### Task objective:
Go through the records and count every line that holds "most". Only the number belongs in the reply.
*** Block opens ***
(* Let $F\subsetneq K$ be fields of characteristic $0$, with $F$ a proper nonempty subfield of $K$. Let $p(x)=\sum_{k=0}^{n}a_k x^k\in K[x]$ be non-constant with $0\neq a_n\in F$. Let $q\in K[x,y]\setminus F[x,y]$, written $q(x,y)=\sum_{j=0}^{m}q_j(x,y)$ with each $q_j$ homogeneous of degree $j$ and $0\neq q_m\in F[x,y]$. If $q_j\notin F[x,y]$ for some $j\geq 1$, then $p(q(x,y))\notin F[x,y]$ and $D_F(p\circ q)=D_F(q)$.
   Context: $F[x,y]$ denotes polynomials in $x,y$ with all coefficients in $F$. For $h\in K[x,y]$ written $h=\sum_{k=0}^{N}h_k$ with $h_k$ homogeneous of degree $k$ and $h_N\neq 0$: if $h\notin F[x,y]$, $D_F(h)=N-\max\{k: h_k\notin F[x,y]\}$; if $h\in F[x,y]$, $D_F(h)=N$. *)

theory Defs
  imports "HOL-Computational_Algebra.Polynomial"
begin

text \<open>Bivariate polynomials K[x,y] are represented as 'a poly poly:
 polynomials in y whose coefficients are polynomials in x.
 The coefficient of x^i y^j of h is bcoeff h i j.\<close>

definition bcoeff :: "'a::zero poly poly \<Rightarrow> nat \<Rightarrow> nat \<Rightarrow> 'a" where
  "bcoeff h i j = coeff (coeff h j) i"

definition is_subfield :: "'a::field set \<Rightarrow> bool" where
  "is_subfield F \<longleftrightarrow> 0 \<in> F \<and> 1 \<in> F \<and>
     (\<forall>a\<in>F. \<forall>b\<in>F. a + b \<in> F \<and> a - b \<in> F \<and> a * b \<in> F) \<and>
     (\<forall>a\<in>F. inverse a \<in> F)"

definition in_Fxy :: "'a::zero set \<Rightarrow> 'a poly poly \<Rightarrow> bool" where
  "in_Fxy F h \<longleftrightarrow> (\<forall>i j. bcoeff h i j \<in> F)"

definition hom_in_Fxy :: "'a::zero set \<Rightarrow> 'a poly poly \<Rightarrow> nat \<Rightarrow> bool" where
  "hom_in_Fxy F h k \<longleftrightarrow> (\<forall>i j. i + j = k \<longrightarrow> bcoeff h i j \<in> F)"

text \<open>total degree N (for h \<noteq> 0)\<close>
definition tdeg :: "'a::zero poly poly \<Rightarrow> nat" where
  "tdeg h = Max {i + j | i j. bcoeff h i j \<noteq> 0}"

definition D_F :: "'a::zero set \<Rightarrow> 'a poly poly \<Rightarrow> nat" where
  "D_F F h = (if in_Fxy F h then tdeg h
              else tdeg h - Max {k. \<not> hom_in_Fxy F h k})"

definition comp_biv :: "'a::comm_semiring_1 poly \<Rightarrow> 'a poly poly \<Rightarrow> 'a poly poly" where
  "comp_biv p q = poly (map_poly (\<lambda>c. [:[:c:]:]) p) q"

end

theory Submission
  imports Defs
begin

text \<open>
  Send \<open>h(x,y)\<close> to \<open>h(t, y t) \<in> K[y][t]\<close>: the coefficient of \<open>t^k\<close> is \<open>h\<^sub>k(1,y)\<close>, which lies
  in \<open>S = F[y]\<close> iff \<open>h\<^sub>k \<in> F[x,y]\<close>. Let \<open>Q\<close> be the image of \<open>q\<close>, \<open>m = deg Q\<close>, and \<open>r\<close> the
  largest index with \<open>Q\<^sub>r \<notin> S\<close>, so that \<open>1 \<le> r < m\<close>; the image of \<open>p \<circ> q\<close> is \<open>p(Q)\<close>.
  Splitting \<open>Q = Q\<^sub>h\<^sub>i + Q\<^sub>l\<^sub>o\<close> with \<open>Q\<^sub>h\<^sub>i \<in> S[t]\<close> and \<open>deg Q\<^sub>l\<^sub>o \<le> r\<close>, the difference
  \<open>Q^n - Q\<^sub>h\<^sub>i^n\<close> has degree at most \<open>(n-1)m + r\<close>, with coefficient \<open>n lc(Q)^(n-1) Q\<^sub>r\<close> there,
  while the lower powers of \<open>Q\<close> in \<open>p(Q)\<close> have degree at most \<open>(n-1)m < (n-1)m + r\<close>.
  So all coefficients of \<open>p(Q)\<close> above \<open>(n-1)m + r\<close> lie in \<open>S\<close>, and the one at \<open>(n-1)m + r\<close>
  does not, because \<open>F[y]\<close> is closed under exact division by its nonzero elements and
  \<open>n \<noteq> 0\<close> in characteristic 0. Hence \<open>D\<^sub>F(p \<circ> q) = nm - ((n-1)m + r) = m - r = D\<^sub>F(q)\<close>.
\<close>

definition is_subring :: "'a::comm_ring_1 set \<Rightarrow> bool" where
  "is_subring S \<longleftrightarrow> 0 \<in> S \<and> 1 \<in> S \<and> (\<forall>a\<in>S. \<forall>b\<in>S. a + b \<in> S \<and> a - b \<in> S \<and> a * b \<in> S)"

definition quotient_closed :: "'a::comm_ring_1 set \<Rightarrow> bool" where
  "quotient_closed S \<longleftrightarrow> (\<forall>s\<in>S. \<forall>a. s \<noteq> 0 \<longrightarrow> s * a \<in> S \<longrightarrow> a \<in> S)"

definition polys_over :: "'a::zero set \<Rightarrow> 'a poly set" where
  "polys_over S = {p. \<forall>i. coeff p i \<in> S}"

lemma is_subring_sum: "is_subring S \<Longrightarrow> (\<And>x. x \<in> A \<Longrightarrow> f x \<in> S) \<Longrightarrow> sum f A \<in> S"
  by (induction A rule: infinite_finite_induct) (auto simp: is_subring_def)

lemma is_subring_power: "is_subring S \<Longrightarrow> a \<in> S \<Longrightarrow> a ^ n \<in> S"
  by (induction n) (auto simp: is_subring_def)

lemma is_subring_of_nat: "is_subring S \<Longrightarrow> of_nat n \<in> S"
  by (induction n) (auto simp: is_subring_def)

lemma is_subring_polys_over: "is_subring S \<Longrightarrow> is_subring (polys_over S)"
  unfolding is_subring_def polys_over_def
  by (auto simp: coeff_1 coeff_mult intro!: is_subring_sum[unfolded is_subring_def])

lemma is_subfield_imp_is_subring: "is_subfield F \<Longrightarrow> is_subring F"
  by (simp add: is_subfield_def is_subring_def)

lemma is_subfield_imp_quotient_closed:
  assumes "is_subfield (F :: 'a::field set)"
  shows "quotient_closed F"
  unfolding quotient_closed_def
proof (intro ballI allI impI)
  fix s a assume "s \<in> F" "s \<noteq> 0" "s * a \<in> F"
  then have "inverse s * (s * a) \<in> F" using assms by (simp add: is_subfield_def)
  then show "a \<in> F" using \<open>s \<noteq> 0\<close> by (simp add: field_simps)
qed

lemma coeff_mult_at_degree_bounds:
  fixes p q :: "'a::comm_semiring_0 poly"
  assumes "degree p \<le> a" "degree q \<le> b"
  shows "coeff (p * q) (a + b) = coeff p a * coeff q b"
proof (cases "degree p = a \<and> degree q = b")
  case True then show ?thesis using coeff_mult_degree_sum by metis
next
  case False
  then have "degree (p * q) < a + b" using assms degree_mult_le[of p q] by linarith
  moreover have "coeff p a * coeff q b = 0" using False assms
    by (metis coeff_eq_0 le_neq_implies_less mult_zero_left mult_zero_right)
  ultimately show ?thesis by (simp add: coeff_eq_0)
qed

lemma degree_power_le_mult: "degree p \<le> m \<Longrightarrow> degree (p ^ k) \<le> k * m"
  using degree_power_le[of p k] by (metis mult.commute mult_le_mono1 order_trans)

lemma coeff_power_at_degree_bound:
  fixes p :: "'a::comm_semiring_1 poly"
  assumes "degree p \<le> m"
  shows "coeff (p ^ k) (k * m) = coeff p m ^ k"
proof (induction k)
  case (Suc k)
  then show ?case
    using coeff_mult_at_degree_bounds[OF assms degree_power_le_mult[OF assms]] by simp
qed simp

lemma polys_over_split:
  fixes f :: "'a::ab_group_add poly"
  assumes "0 \<in> S" "\<forall>k>r. coeff f k \<in> S"
  obtains g h where "f = g + h" "g \<in> polys_over S" "degree h \<le> r" "coeff h r = coeff f r"
proof (rule that[of "f - poly_cutoff (Suc r) f" "poly_cutoff (Suc r) f"])
  show "f - poly_cutoff (Suc r) f \<in> polys_over S"
    using assms by (simp add: polys_over_def coeff_poly_cutoff)
  show "degree (poly_cutoff (Suc r) f) \<le> r"
    by (rule degree_le) (simp add: coeff_poly_cutoff)
qed (simp_all add: coeff_poly_cutoff)

lemma power_add_low_degree:
  fixes A B :: "'a::comm_ring_1 poly"
  assumes A: "degree A \<le> m" and B: "degree B \<le> r" and "r < m" and "n \<ge> 1"
  shows "degree ((A + B) ^ n - A ^ n) \<le> (n - 1) * m + r"
    and "coeff ((A + B) ^ n - A ^ n) ((n - 1) * m + r) = of_nat n * coeff A m ^ (n - 1) * coeff B r"
proof -
  define T where "T = (\<Sum>i<n. (A + B) ^ i * A ^ (n - 1 - i))"
  have diff: "(A + B) ^ n - A ^ n = B * T"
    using diff_power_eq_sum[of "A + B" "n - 1" A] \<open>n \<ge> 1\<close> by (simp add: T_def)
  have AB: "degree (A + B) \<le> m" "coeff (A + B) m = coeff A m"
    using A B \<open>r < m\<close> by (auto intro: degree_add_le simp: coeff_eq_0)
  have term_deg: "degree ((A + B) ^ i * A ^ (n - 1 - i)) \<le> (n - 1) * m" if "i < n" for i
  proof -
    have "degree ((A + B) ^ i * A ^ (n - 1 - i)) \<le> i * m + (n - 1 - i) * m"
      using degree_mult_le add_le_mono[OF degree_power_le_mult[OF AB(1)] degree_power_le_mult[OF A]]
      by (rule order.trans)
    also have "\<dots> = (n - 1) * m" using that by (simp flip: add_mult_distrib)
    finally show ?thesis .
  qed
  have T_deg: "degree T \<le> (n - 1) * m"
    unfolding T_def by (intro degree_sum_le term_deg) auto
  have "coeff ((A + B) ^ i * A ^ (n - 1 - i)) ((n - 1) * m) = coeff A m ^ (n - 1)" if "i < n" for i
  proof -
    have split: "n - 1 = i + (n - 1 - i)" using that by simp
    have "coeff ((A + B) ^ i * A ^ (n - 1 - i)) (i * m + (n - 1 - i) * m)
        = coeff (A + B) m ^ i * coeff A m ^ (n - 1 - i)"
      using coeff_mult_at_degree_bounds[OF degree_power_le_mult[OF AB(1)] degree_power_le_mult[OF A]]
      by (simp only: coeff_power_at_degree_bound[OF AB(1)] coeff_power_at_degree_bound[OF A])
    then show ?thesis by (metis split AB(2) add_mult_distrib power_add)
  qed
  then have T_coeff: "coeff T ((n - 1) * m) = of_nat n * coeff A m ^ (n - 1)"
    by (simp add: T_def coeff_sum)
  show "degree ((A + B) ^ n - A ^ n) \<le> (n - 1) * m + r"
    unfolding diff using degree_mult_le[of B T] B T_deg by linarith
  show "coeff ((A + B) ^ n - A ^ n) ((n - 1) * m + r) = of_nat n * coeff A m ^ (n - 1) * coeff B r"
    unfolding diff using coeff_mult_at_degree_bounds[OF B T_deg] T_coeff by (simp add: add.commute mult_ac)
qed

lemma obtain_highest_coeff_notin:
  assumes "0 \<in> S" "f \<notin> polys_over S"
  obtains r where "coeff f r \<notin> S" "\<forall>k>r. coeff f k \<in> S"
proof -
  have ne: "{k. coeff f k \<notin> S} \<noteq> {}" using assms(2) by (auto simp: polys_over_def)
  have "{k. coeff f k \<notin> S} \<subseteq> {..degree f}" using assms(1) by (auto intro: le_degree)
  then have fin: "finite {k. coeff f k \<notin> S}" by (rule finite_subset) simp
  show ?thesis
    using that Max_in[OF fin ne] Max_ge[OF fin] by (auto simp: not_le[symmetric])
qed

lemma quotient_closed_polys_over:
  fixes S :: "'a::idom set"
  assumes S: "is_subring S" "quotient_closed S"
  shows "quotient_closed (polys_over S)"
  unfolding quotient_closed_def
proof (intro ballI allI impI)
  fix A B :: "'a poly"
  assume A: "A \<in> polys_over S" "A \<noteq> 0" and AB: "A * B \<in> polys_over S"
  have "0 \<in> S" using S(1) by (simp add: is_subring_def)
  show "B \<in> polys_over S"
  proof (rule ccontr)
    assume "B \<notin> polys_over S"
    with \<open>0 \<in> S\<close> obtain j where j: "coeff B j \<notin> S" "\<forall>k>j. coeff B k \<in> S"
      by (rule obtain_highest_coeff_notin)
    from \<open>0 \<in> S\<close> j(2) obtain Bhi Blo
      where B: "B = Bhi + Blo" "Bhi \<in> polys_over S" "degree Blo \<le> j" "coeff Blo j = coeff B j"
      by (rule polys_over_split)
    have "A * Blo = A * B - A * Bhi" by (simp add: B(1) algebra_simps)
    then have "A * Blo \<in> polys_over S"
      using is_subring_polys_over[OF S(1)] A(1) AB B(2) by (simp add: is_subring_def)
    moreover have "coeff (A * Blo) (degree A + j) = lead_coeff A * coeff B j"
      using coeff_mult_at_degree_bounds[OF order.refl B(3)] B(4) by simp
    ultimately have "lead_coeff A * coeff B j \<in> S" by (metis polys_over_def mem_Collect_eq)
    moreover have "lead_coeff A \<in> S" using A(1) by (simp add: polys_over_def)
    moreover have "lead_coeff A \<noteq> 0" using A(2) by simp
    ultimately show False using S(2) j(1) unfolding quotient_closed_def by blast
  qed
qed

lemma pcompose_monom: "pcompose (monom c n) q = smult c (q ^ n)"
  by (induction n) (simp_all add: monom_0 monom_Suc pcompose_pCons)

lemma coeff_pcompose_above:
  fixes p Q :: "'a::comm_ring_1 poly"
  assumes "degree Q \<le> m" "(degree p - 1) * m < d"
  shows "coeff (pcompose p Q) d = lead_coeff p * coeff (Q ^ degree p) d"
proof -
  define p' where "p' = p - monom (lead_coeff p) (degree p)"
  have "degree p' \<le> degree p - 1"
    unfolding p'_def by (rule degree_le) (auto simp: coeff_monom coeff_eq_0)
  then have "degree (pcompose p' Q) \<le> (degree p - 1) * m"
    using degree_pcompose_le[of p' Q] assms(1) by (meson mult_le_mono order_trans)
  then have "coeff (pcompose p' Q) d = 0" using assms(2) by (simp add: coeff_eq_0)
  moreover have "pcompose p Q = smult (lead_coeff p) (Q ^ degree p) + pcompose p' Q"
    by (simp add: p'_def pcompose_diff pcompose_monom)
  ultimately show ?thesis by simp
qed

lemma Max_coeff_notin_eqI:
  assumes "coeff f r \<notin> S" "\<forall>k>r. coeff f k \<in> S"
  shows "Max {k. coeff f k \<notin> S} = r"
proof (rule Max_eqI)
  show "finite {k. coeff f k \<notin> S}"
    by (rule finite_subset[of _ "{..r}"]) (use assms(2) in \<open>auto simp: not_le[symmetric]\<close>)
qed (use assms in \<open>auto simp: not_le[symmetric]\<close>)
*** Block closes ***
### Exercise result:
2